The data on pregnant women, babies and maternity care in the war-torn Palestinian enclave also revealed a surge in newborn mortality and premature births, The Guardian reported on Wednesday.

Dangerous wartime conditions and Israel’s systematic destruction of Gaza’s health systems were blamed for the alarming statistics.

The two reports were conducted by Physicians for Human Rights, in collaboration with the University of Chicago Law School’s Global Human Rights Clinic and Physicians for Human Rights — Israel.

Researchers highlighted Israel’s “deliberate intention of preventing births among Palestinians, meeting the legal criteria of the Genocide Convention.”

The reports build on earlier findings by PHR’s Israel branch.
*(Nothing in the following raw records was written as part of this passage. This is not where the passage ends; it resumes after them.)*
lemma equilibrium_total_hash_pos:
  assumes eq: "is_equilibrium N R c \<gamma> h" and "0 < R" "0 \<le> \<gamma>"
    and i: "i \<in> {1..N}" and "0 \<le> c i"
  shows "0 < total_hash N h"
proof (rule ccontr)
  have nonneg: "\<forall>j\<in>{1..N}. 0 \<le> h j"
    using eq by (simp add: is_equilibrium_def)
  assume "\<not> 0 < total_hash N h"
  moreover have "0 \<le> total_hash N h"
    unfolding total_hash_def using nonneg by (intro sum_nonneg) auto
  ultimately have "total_hash N h = 0"
    by simp
  moreover have "h i = 0"
    using \<open>total_hash N h = 0\<close> nonneg i sum_nonneg_eq_0_iff[of "{1..N}" h]
    by (simp add: total_hash_def)
  moreover obtain x where "0 < x" "0 < payoff_given_others R (c i) \<gamma> 0 x"
    using payoff_given_others_empty_network_pos assms by blast
  ultimately show False
    using equilibrium_best_response[OF eq i, of x] by (simp add: payoff_given_others_def)
qed

lemma equilibrium_first_order:
  assumes eq: "is_equilibrium N R c \<gamma> h" and i: "i \<in> {1..N}"
    and H: "0 < total_hash N h"
  shows equilibrium_active_first_order:
      "0 < h i \<Longrightarrow> c i + \<gamma> * h i = R / total_hash N h - R / (total_hash N h)\<^sup>2 * h i"
    and equilibrium_inactive_first_order: "h i = 0 \<Longrightarrow> R / total_hash N h \<le> c i"
proof -
  define S where "S = total_hash N h - h i"
  have H_eq: "S + h i = total_hash N h"
    by (simp add: S_def)
  have best: "\<And>x. 0 \<le> x \<Longrightarrow> payoff_given_others R (c i) \<gamma> S x \<le> payoff_given_others R (c i) \<gamma> S (h i)"
    unfolding S_def by (rule equilibrium_best_response[OF eq i])
  show "c i + \<gamma> * h i = R / total_hash N h - R / (total_hash N h)\<^sup>2 * h i" if "0 < h i"
  proof -
    have "R * S / (S + h i)\<^sup>2 = c i + \<gamma> * h i"
      using interior_max_first_order[OF that _ best] H H_eq by simp
    moreover have "R * S / (S + h i)\<^sup>2 = R / total_hash N h - R / (total_hash N h)\<^sup>2 * h i"
      unfolding H_eq using H by (simp add: S_def field_simps power2_eq_square)
    ultimately show ?thesis by simp
  qed
  show "R / total_hash N h \<le> c i" if "h i = 0"
    using boundary_max_first_order[of S R "c i" \<gamma>] best H H_eq that by simp
qed

lemma equilibrium_hash_closed_form:
  assumes eq: "is_equilibrium N R c \<gamma> h" and i: "i \<in> {1..N}"
    and H: "0 < total_hash N h" and "0 < R" "0 \<le> \<gamma>"
  shows "h i = max 0 ((R / total_hash N h - c i) / (R / (total_hash N h)\<^sup>2 + \<gamma>))"
proof -
  define a where "a = R / total_hash N h"
  define b where "b = R / (total_hash N h)\<^sup>2"
  have "0 < b + \<gamma>"
    using assms by (simp add: b_def add_pos_nonneg)
  have "0 \<le> h i"
    using eq i by (simp add: is_equilibrium_def)
  have "h i = max 0 ((a - c i) / (b + \<gamma>))"
  proof (cases "0 < h i")
    case True
    then have "(b + \<gamma>) * h i = a - c i"
      using equilibrium_active_first_order[OF eq i H] by (simp add: a_def b_def algebra_simps)
    then have "(a - c i) / (b + \<gamma>) = h i"
      using \<open>0 < b + \<gamma>\<close> by (simp add: field_simps)
    then show ?thesis
      using True by simp
  next
    case False
    then have "a \<le> c i" "h i = 0"
      using equilibrium_inactive_first_order[OF eq i H] \<open>0 \<le> h i\<close> by (auto simp: a_def)
    then show ?thesis
      using \<open>0 < b + \<gamma>\<close> by (simp add: divide_nonpos_pos)
  qed
  then show ?thesis
    by (simp add: a_def b_def)
qed

lemma equilibrium_active_iff:
  assumes "is_equilibrium N R c \<gamma> h" and "i \<in> {1..N}"
    and "0 < total_hash N h" and "0 < R" "0 \<le> \<gamma>"
  shows "0 < h i \<longleftrightarrow> c i < R / total_hash N h"
proof -
  have "0 < R / (total_hash N h)\<^sup>2 + \<gamma>"
    using assms by (simp add: add_pos_nonneg)
  then show ?thesis
    by (simp add: equilibrium_hash_closed_form[OF assms] less_max_iff_disj zero_less_divide_iff)
qed

lemma equilibrium_marginal_cost:
  assumes eq: "is_equilibrium N R c \<gamma> h" and i: "i \<in> {1..N}"
    and H: "0 < total_hash N h" and "0 < R" "0 \<le> \<gamma>"
  shows "c i + \<gamma> * h i = equilibrium_mc (R / total_hash N h) (R / (total_hash N h)\<^sup>2) \<gamma> (c i)"
  using assms marginal_cost_eq_equilibrium_mc[of \<gamma> "R / (total_hash N h)\<^sup>2"]
  by (simp add: equilibrium_hash_closed_form[OF eq i H] add_pos_nonneg)

lemma equilibrium_marginal_cost_less_iff:
  assumes "is_equilibrium N R c \<gamma> h" and "i \<in> {1..N}"
    and "0 < total_hash N h" and "0 < R" "0 \<le> \<gamma>"
  shows "c i + \<gamma> * h i < R / total_hash N h \<longleftrightarrow> c i < R / total_hash N h"
  using assms by (simp add: equilibrium_marginal_cost[OF assms] equilibrium_mc_less_iff)

lemma equilibrium_marginal_cost_compare:
  assumes eq: "is_equilibrium N R c \<gamma> h" and ij: "i \<in> {1..N}" "j \<in> {1..N}"
    and H: "0 < total_hash N h" and "0 < R" "0 \<le> \<gamma>"
    and "0 < c i" "c i \<le> c j"
  shows "c i + \<gamma> * h i \<le> c j + \<gamma> * h j"
    and "c i / (c i + \<gamma> * h i) \<le> c j / (c j + \<gamma> * h j)"
    and "\<gamma> * h j / (c j + \<gamma> * h j) \<le> \<gamma> * h i / (c i + \<gamma> * h i)"
proof -
  define a where "a = R / total_hash N h"
  define b where "b = R / (total_hash N h)\<^sup>2"
  have "0 < a" "0 < b"
    using assms by (simp_all add: a_def b_def)
  have MC: "c k + \<gamma> * h k = equilibrium_mc a b \<gamma> (c k)" if "k \<in> {1..N}" for k
    using equilibrium_marginal_cost[OF eq that H] assms by (simp add: a_def b_def)
  show "c i + \<gamma> * h i \<le> c j + \<gamma> * h j"
    using equilibrium_mc_mono[of b \<gamma>] \<open>0 < b\<close> assms by (simp add: MC ij)
  show ratio: "c i / (c i + \<gamma> * h i) \<le> c j / (c j + \<gamma> * h j)"
    using cost_over_equilibrium_mc_mono[of a \<gamma> b] \<open>0 < a\<close> \<open>0 < b\<close> assms by (simp add: MC ij)
  have share: "\<gamma> * h k / (c k + \<gamma> * h k) = 1 - c k / (c k + \<gamma> * h k)" if "0 < c k + \<gamma> * h k" for k
    using that by (simp add: field_simps)
  have "0 < c k + \<gamma> * h k" if "k \<in> {1..N}" "0 < c k" for k
    using eq that \<open>0 \<le> \<gamma>\<close> by (simp add: is_equilibrium_def add_pos_nonneg)
  then show "\<gamma> * h j / (c j + \<gamma> * h j) \<le> \<gamma> * h i / (c i + \<gamma> * h i)"
    using ratio ij assms by (simp add: share)
qed

theorem proposition4p2:
  fixes N :: nat and R \<gamma> :: real and c h :: "nat \<Rightarrow> real"
  assumes N2: "N \<ge> 2"
    and cpos: "\<forall>i\<in>{1..N}. 0 < c i"
    and cmono: "\<forall>i\<in>{1..<N}. c i \<le> c (i + 1)"
    and Rpos: "R > 0"
    and gam: "\<gamma> \<ge> 0"
    and eq: "is_equilibrium N R c \<gamma> h"
  shows "let H = total_hash N h;
             n = card {i\<in>{1..N}. h i > 0};
             MC = (\<lambda>i. c i + \<gamma> * h i)
         in H > 0
            \<and> (\<forall>i\<in>{1..<N}. MC i \<le> MC (i + 1))
            \<and> (\<forall>i\<in>{1..N}. (MC i < R / H \<longleftrightarrow> c i < R / H) \<and> (c i < R / H \<longleftrightarrow> i \<le> n))
            \<and> (\<forall>i\<in>{1..<N}. c i / MC i \<le> c (i + 1) / MC (i + 1))
            \<and> (\<forall>i\<in>{1..<N}. \<gamma> * h (i + 1) / MC (i + 1) \<le> \<gamma> * h i / MC i)"
proof -
  define H where "H = total_hash N h"
  define n where "n = card {i\<in>{1..N}. h i > 0}"
  have "1 \<in> {1..N}"
    using N2 by simp
  then have "0 < H"
    using equilibrium_total_hash_pos[OF eq Rpos gam] cpos by (fastforce simp: H_def)
  have "{i\<in>{1..N}. h i > 0} = {i\<in>{1..N}. c i < R / H}"
    using equilibrium_active_iff[OF eq _ _ Rpos gam] \<open>0 < H\<close> by (auto simp: H_def)
  then have active_set: "{i\<in>{1..N}. c i < R / H} = {1..n}"
    using sorted_below_threshold_eq_atLeastAtMost[OF cmono, of "R / H"] by (simp add: n_def)
  have active: "c i < R / H \<longleftrightarrow> i \<le> n" if "i \<in> {1..N}" for i
    using that arg_cong[OF active_set, of "\<lambda>A. i \<in> A"] by simp
  have consecutive: "c i + \<gamma> * h i \<le> c (i + 1) + \<gamma> * h (i + 1)
      \<and> c i / (c i + \<gamma> * h i) \<le> c (i + 1) / (c (i + 1) + \<gamma> * h (i + 1))
      \<and> \<gamma> * h (i + 1) / (c (i + 1) + \<gamma> * h (i + 1)) \<le> \<gamma> * h i / (c i + \<gamma> * h i)"
    if "i \<in> {1..<N}" for i
    using equilibrium_marginal_cost_compare[OF eq _ _ _ Rpos gam, of i "i + 1"] that \<open>0 < H\<close> cpos cmono
    by (simp add: H_def)
  have threshold: "(c i + \<gamma> * h i < R / H \<longleftrightarrow> c i < R / H) \<and> (c i < R / H \<longleftrightarrow> i \<le> n)"
    if "i \<in> {1..N}" for i
    using equilibrium_marginal_cost_less_iff[OF eq that _ Rpos gam] \<open>0 < H\<close> active[OF that]
    by (simp add: H_def)
  show ?thesis
    unfolding Let_def H_def[symmetric] n_def[symmetric]
    using \<open>0 < H\<close> consecutive threshold by blast
qed

end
They place the testimonies of pregnant women and new mothers within the context of health data and field reports, which recorded “2,600 miscarriages, 220 pregnancy-related deaths, 1,460 premature births, over 1,700 underweight newborns, and over 2,500 infants requiring neonatal intensive care” between January and June 2025.
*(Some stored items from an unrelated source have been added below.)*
(* If $(G_1,\sigma_1),\dots,(G_k,\sigma_k)$ are signed graphs, then $\chi_s((G_1,\sigma_1)\,\square\cdots\square\,(G_k,\sigma_k))\le\prod_{i=1}^k\chi_s(G_i,\sigma_i)$.
   Context: A signed graph $(G,\sigma)$ is a simple loopless undirected graph with a signature $\sigma:E(G)\to\{+1,-1\}$. Switching a vertex negates the signs of its incident edges; two signatures are equivalent if one is obtained from the other by switching a set of vertices. A homomorphism of $(G,\sigma)$ to $(H,\pi)$ is a graph homomorphism $\varphi:G\to H$ for which there is a signature $\sigma'$ equivalent to $\sigma$ with $\pi(\varphi(u)\varphi(v))=\sigma'(uv)$ for every edge $uv$; $\chi_s(G,\sigma)$ is the smallest order of a signed graph to which $(G,\sigma)$ admits a homomorphism. The Cartesian product $(G,\sigma)\,\square\,(H,\pi)$ is the signed graph on $G\,\square\,H$ where $(u,v_1)(u,v_2)$ has sign $\pi(v_1v_2)$ and $(u_1,v)(u_2,v)$ has sign $\sigma(u_1u_2)$. *)

theory Defs
  imports Main
begin

record 'a sgraph =
  verts :: "'a set"
  edges :: "'a set set"
  sgn :: "'a set \<Rightarrow> int"

definition signed_graph :: "('a, 'b) sgraph_scheme \<Rightarrow> bool" where
  "signed_graph G \<longleftrightarrow> finite (verts G)
     \<and> (\<forall>e\<in>edges G. \<exists>u v. u \<noteq> v \<and> u \<in> verts G \<and> v \<in> verts G \<and> e = {u, v})
     \<and> (\<forall>e\<in>edges G. sgn G e = 1 \<or> sgn G e = -1)"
PHRI’s Lama Bakri, a psychologist and project manager, said: “These figures represent a shocking deterioration from pre-war ‘normalcy,’ and are the direct result of war trauma, starvation, displacement and the collapse of maternal healthcare.

“These conditions endanger both mothers and their unborn babies, newborns, and breastfed infants, and will have consequences for generations, permanently altering families.”

She added: “Beyond the numbers, what emerges in this report are the women themselves, their voices, choices and lived realities, confronting impossible dilemmas that statistics alone cannot fully capture.”

Maternal and newborn care in Gaza has been damaged by Israel’s destruction of health infrastructure, as well as fuel shortages, blocked medical supplies, mass displacement and relentless bombardment.

As a result, survival in Gaza’s overcrowded tent encampments has become the sole option for pregnant women and new mothers.

During the first six months of Israel’s war on the territory, more than 6,000 mothers were killed, at an average of two every hour, according to UN Women estimates.

It is also believed that about 150,000 pregnant women and new mothers have been forcibly displaced by the conflict.

In the first months of last year, just 17,000 births were recorded in Gaza, a 41 percent fall compared to the same period in 2022.

The researchers examined Israel’s apparent strategy to undermine Palestinian births, highlighting a targeted strike in December 2023 on the Al-Basma IVF clinic.

The attack on Gaza’s largest fertility center destroyed about 5,000 reproductive specimens and ended a pattern of 70-100 IVF procedures each month.

The strike was deliberately designed to target the reproductive potential of Palestinians, the Independent International Commission of Inquiry later found.

“Reproductive violence constitutes a violation under international law; when carried out systematically and with them intent to destroy, it falls within the definition of genocide of the Genocide Convention,” the reports said.

“The destruction of maternal care in Gaza reflects the deliberate infliction of conditions of life calculated to bring about the destruction of the Palestinian people, in whole or in part.”